- [Data listing]:
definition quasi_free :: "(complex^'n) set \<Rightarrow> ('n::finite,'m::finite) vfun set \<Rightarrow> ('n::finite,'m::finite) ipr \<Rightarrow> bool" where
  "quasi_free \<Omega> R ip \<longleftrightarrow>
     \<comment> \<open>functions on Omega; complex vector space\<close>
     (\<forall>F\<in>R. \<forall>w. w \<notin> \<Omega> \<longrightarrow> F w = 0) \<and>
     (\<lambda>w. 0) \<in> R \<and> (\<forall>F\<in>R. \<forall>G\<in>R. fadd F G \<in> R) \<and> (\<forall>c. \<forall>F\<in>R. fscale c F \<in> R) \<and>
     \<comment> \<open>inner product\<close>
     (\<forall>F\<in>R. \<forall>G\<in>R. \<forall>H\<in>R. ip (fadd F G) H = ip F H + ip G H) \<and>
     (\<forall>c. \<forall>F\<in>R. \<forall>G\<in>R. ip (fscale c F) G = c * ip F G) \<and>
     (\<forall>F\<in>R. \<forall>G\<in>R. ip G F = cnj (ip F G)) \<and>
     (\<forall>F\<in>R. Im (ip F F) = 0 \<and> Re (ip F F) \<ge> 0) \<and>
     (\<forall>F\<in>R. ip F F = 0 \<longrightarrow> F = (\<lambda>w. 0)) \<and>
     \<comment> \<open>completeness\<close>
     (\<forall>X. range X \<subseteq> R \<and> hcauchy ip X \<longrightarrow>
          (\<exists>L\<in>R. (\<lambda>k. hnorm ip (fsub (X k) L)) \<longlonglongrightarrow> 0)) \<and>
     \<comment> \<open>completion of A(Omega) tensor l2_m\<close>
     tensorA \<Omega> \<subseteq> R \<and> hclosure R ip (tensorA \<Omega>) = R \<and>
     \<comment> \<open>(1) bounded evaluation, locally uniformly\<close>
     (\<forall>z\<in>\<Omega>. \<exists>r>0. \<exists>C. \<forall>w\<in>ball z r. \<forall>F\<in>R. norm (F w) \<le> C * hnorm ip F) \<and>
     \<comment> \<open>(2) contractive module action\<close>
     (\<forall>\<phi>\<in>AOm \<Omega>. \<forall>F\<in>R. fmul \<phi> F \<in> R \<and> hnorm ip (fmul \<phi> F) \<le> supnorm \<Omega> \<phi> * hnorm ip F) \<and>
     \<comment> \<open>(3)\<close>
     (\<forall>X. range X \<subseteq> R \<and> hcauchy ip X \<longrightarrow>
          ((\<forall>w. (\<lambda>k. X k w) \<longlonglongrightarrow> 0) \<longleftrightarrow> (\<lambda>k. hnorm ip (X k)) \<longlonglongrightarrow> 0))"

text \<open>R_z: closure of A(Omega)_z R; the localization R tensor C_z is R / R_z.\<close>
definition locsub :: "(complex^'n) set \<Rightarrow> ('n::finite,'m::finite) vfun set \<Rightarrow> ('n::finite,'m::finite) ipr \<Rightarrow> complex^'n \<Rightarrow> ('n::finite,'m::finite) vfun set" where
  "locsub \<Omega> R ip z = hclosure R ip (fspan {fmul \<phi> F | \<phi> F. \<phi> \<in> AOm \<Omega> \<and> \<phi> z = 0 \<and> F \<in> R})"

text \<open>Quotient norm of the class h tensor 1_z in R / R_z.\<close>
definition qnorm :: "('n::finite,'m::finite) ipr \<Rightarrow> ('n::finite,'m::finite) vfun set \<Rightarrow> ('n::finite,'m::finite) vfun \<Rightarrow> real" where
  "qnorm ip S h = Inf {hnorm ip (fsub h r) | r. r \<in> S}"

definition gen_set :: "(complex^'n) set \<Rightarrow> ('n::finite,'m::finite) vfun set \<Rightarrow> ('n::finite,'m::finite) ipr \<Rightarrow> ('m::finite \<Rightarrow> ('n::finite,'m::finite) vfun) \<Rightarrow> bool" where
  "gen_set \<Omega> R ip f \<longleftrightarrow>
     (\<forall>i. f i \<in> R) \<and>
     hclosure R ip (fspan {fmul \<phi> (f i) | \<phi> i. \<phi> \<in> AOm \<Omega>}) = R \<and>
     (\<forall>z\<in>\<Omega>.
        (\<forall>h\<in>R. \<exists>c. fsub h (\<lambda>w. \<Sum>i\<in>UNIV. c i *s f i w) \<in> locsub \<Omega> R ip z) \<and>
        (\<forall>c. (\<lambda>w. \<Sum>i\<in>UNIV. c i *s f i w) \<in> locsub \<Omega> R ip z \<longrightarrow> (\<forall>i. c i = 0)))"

- [Exercise]:
Here the output must be the lines above from the line with "(\<forall>F\<in>R. \<forall>G\<in>R. \<forall>H\<in>R." to the line with "z = hclosure", both included, duplicated word for word and nothing else.

- [Response]:
     (\<forall>F\<in>R. \<forall>G\<in>R. \<forall>H\<in>R. ip (fadd F G) H = ip F H + ip G H) \<and>
     (\<forall>c. \<forall>F\<in>R. \<forall>G\<in>R. ip (fscale c F) G = c * ip F G) \<and>
     (\<forall>F\<in>R. \<forall>G\<in>R. ip G F = cnj (ip F G)) \<and>
     (\<forall>F\<in>R. Im (ip F F) = 0 \<and> Re (ip F F) \<ge> 0) \<and>
     (\<forall>F\<in>R. ip F F = 0 \<longrightarrow> F = (\<lambda>w. 0)) \<and>
     \<comment> \<open>completeness\<close>
     (\<forall>X. range X \<subseteq> R \<and> hcauchy ip X \<longrightarrow>
          (\<exists>L\<in>R. (\<lambda>k. hnorm ip (fsub (X k) L)) \<longlonglongrightarrow> 0)) \<and>
     \<comment> \<open>completion of A(Omega) tensor l2_m\<close>
     tensorA \<Omega> \<subseteq> R \<and> hclosure R ip (tensorA \<Omega>) = R \<and>
     \<comment> \<open>(1) bounded evaluation, locally uniformly\<close>
     (\<forall>z\<in>\<Omega>. \<exists>r>0. \<exists>C. \<forall>w\<in>ball z r. \<forall>F\<in>R. norm (F w) \<le> C * hnorm ip F) \<and>
     \<comment> \<open>(2) contractive module action\<close>
     (\<forall>\<phi>\<in>AOm \<Omega>. \<forall>F\<in>R. fmul \<phi> F \<in> R \<and> hnorm ip (fmul \<phi> F) \<le> supnorm \<Omega> \<phi> * hnorm ip F) \<and>
     \<comment> \<open>(3)\<close>
     (\<forall>X. range X \<subseteq> R \<and> hcauchy ip X \<longrightarrow>
          ((\<forall>w. (\<lambda>k. X k w) \<longlonglongrightarrow> 0) \<longleftrightarrow> (\<lambda>k. hnorm ip (X k)) \<longlonglongrightarrow> 0))"

text \<open>R_z: closure of A(Omega)_z R; the localization R tensor C_z is R / R_z.\<close>
definition locsub :: "(complex^'n) set \<Rightarrow> ('n::finite,'m::finite) vfun set \<Rightarrow> ('n::finite,'m::finite) ipr \<Rightarrow> complex^'n \<Rightarrow> ('n::finite,'m::finite) vfun set" where
  "locsub \<Omega> R ip z = hclosure R ip (fspan {fmul \<phi> F | \<phi> F. \<phi> \<in> AOm \<Omega> \<and> \<phi> z = 0 \<and> F \<in> R})"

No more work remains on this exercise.